--- START ---

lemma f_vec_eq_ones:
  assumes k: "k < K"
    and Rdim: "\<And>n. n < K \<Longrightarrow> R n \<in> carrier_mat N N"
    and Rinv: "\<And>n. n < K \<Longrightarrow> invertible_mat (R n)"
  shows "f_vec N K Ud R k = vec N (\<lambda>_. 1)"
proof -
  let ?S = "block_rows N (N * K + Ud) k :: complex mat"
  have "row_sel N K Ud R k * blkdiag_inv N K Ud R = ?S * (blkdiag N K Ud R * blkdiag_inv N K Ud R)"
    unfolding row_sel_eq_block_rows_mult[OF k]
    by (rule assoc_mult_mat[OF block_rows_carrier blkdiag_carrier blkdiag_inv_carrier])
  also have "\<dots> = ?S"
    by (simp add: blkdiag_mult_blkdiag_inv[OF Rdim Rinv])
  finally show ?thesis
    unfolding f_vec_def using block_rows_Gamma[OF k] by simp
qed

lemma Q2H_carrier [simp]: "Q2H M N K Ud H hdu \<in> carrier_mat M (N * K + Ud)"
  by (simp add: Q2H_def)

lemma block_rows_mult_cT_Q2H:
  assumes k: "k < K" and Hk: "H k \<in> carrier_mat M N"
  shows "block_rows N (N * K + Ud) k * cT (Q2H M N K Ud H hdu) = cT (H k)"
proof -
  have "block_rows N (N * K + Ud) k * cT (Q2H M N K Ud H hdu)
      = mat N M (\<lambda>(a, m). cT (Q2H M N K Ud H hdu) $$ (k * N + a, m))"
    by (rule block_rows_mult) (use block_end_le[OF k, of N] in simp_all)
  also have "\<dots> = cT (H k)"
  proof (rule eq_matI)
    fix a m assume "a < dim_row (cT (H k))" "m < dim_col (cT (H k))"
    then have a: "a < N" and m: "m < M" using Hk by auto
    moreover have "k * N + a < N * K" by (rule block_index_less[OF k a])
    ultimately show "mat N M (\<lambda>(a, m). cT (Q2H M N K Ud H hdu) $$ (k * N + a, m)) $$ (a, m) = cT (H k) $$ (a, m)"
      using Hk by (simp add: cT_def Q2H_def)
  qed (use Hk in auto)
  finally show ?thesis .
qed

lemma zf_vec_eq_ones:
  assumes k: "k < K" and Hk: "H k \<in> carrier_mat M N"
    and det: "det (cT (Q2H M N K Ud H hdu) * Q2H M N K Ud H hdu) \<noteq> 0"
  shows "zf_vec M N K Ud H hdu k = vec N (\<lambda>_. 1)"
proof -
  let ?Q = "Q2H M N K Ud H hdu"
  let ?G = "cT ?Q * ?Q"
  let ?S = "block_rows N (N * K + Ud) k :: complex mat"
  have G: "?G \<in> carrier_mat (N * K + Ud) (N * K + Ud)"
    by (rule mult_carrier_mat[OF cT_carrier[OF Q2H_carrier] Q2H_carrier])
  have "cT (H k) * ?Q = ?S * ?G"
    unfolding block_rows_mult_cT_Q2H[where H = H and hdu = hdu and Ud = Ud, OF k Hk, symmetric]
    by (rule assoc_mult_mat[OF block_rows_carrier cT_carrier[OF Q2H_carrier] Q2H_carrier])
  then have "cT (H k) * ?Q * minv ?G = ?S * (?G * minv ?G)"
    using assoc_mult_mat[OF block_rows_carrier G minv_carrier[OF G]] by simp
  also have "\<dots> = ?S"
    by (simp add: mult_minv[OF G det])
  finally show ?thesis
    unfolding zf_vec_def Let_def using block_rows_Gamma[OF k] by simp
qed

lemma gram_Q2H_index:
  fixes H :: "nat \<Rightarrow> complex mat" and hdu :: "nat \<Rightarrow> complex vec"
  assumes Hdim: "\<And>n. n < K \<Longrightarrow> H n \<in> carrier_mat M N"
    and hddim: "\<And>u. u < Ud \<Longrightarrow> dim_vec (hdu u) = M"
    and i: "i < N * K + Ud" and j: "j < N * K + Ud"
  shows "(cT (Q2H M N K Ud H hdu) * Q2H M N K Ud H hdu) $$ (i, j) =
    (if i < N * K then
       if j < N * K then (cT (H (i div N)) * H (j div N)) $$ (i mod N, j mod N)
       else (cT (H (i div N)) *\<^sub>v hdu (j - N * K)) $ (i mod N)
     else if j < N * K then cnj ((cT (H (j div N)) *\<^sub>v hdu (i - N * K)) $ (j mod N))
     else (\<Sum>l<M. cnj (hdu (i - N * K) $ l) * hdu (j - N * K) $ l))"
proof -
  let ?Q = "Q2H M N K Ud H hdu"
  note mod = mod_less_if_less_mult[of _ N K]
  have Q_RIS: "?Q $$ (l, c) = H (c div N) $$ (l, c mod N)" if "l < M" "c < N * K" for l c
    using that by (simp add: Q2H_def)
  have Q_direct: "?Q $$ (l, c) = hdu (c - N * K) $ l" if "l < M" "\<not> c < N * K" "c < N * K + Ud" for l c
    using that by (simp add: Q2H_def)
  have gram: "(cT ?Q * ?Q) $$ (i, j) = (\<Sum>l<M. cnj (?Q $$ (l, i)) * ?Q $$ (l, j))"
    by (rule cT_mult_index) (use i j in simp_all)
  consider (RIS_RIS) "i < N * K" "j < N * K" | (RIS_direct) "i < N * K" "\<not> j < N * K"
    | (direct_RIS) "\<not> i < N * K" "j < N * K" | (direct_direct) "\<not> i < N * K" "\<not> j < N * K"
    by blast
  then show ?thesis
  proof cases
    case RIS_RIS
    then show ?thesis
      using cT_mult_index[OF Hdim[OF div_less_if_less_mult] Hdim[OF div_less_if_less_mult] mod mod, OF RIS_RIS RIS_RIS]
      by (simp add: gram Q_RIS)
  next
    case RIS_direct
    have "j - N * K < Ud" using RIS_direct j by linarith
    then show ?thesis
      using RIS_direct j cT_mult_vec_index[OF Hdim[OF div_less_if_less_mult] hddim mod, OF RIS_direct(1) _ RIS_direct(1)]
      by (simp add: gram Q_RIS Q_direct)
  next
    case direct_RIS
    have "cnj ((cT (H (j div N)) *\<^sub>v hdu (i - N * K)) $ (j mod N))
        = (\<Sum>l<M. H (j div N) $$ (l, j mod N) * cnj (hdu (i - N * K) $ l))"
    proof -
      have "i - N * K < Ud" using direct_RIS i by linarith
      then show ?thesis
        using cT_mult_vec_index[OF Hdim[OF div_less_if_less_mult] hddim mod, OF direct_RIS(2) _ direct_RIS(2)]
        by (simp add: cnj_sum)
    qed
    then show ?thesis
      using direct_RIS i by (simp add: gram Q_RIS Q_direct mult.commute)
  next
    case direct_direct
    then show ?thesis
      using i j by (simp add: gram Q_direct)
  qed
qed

--- END ---

▸ What the task requires
Every line above that holds the word "then" is to be found and copied.

▸ Result of this exercise
    then have a: "a < N" and m: "m < M" using Hk by auto
  then have "cT (H k) * ?Q * minv ?G = ?S * (?G * minv ?G)"
    (if i < N * K then
       if j < N * K then (cT (H (i div N)) * H (j div N)) $$ (i mod N, j mod N)
     else if j < N * K then cnj ((cT (H (j div N)) *\<^sub>v hdu (i - N * K)) $ (j mod N))
  then show ?thesis
    then show ?thesis
    then show ?thesis
      then show ?thesis
    then show ?thesis
    then show ?thesis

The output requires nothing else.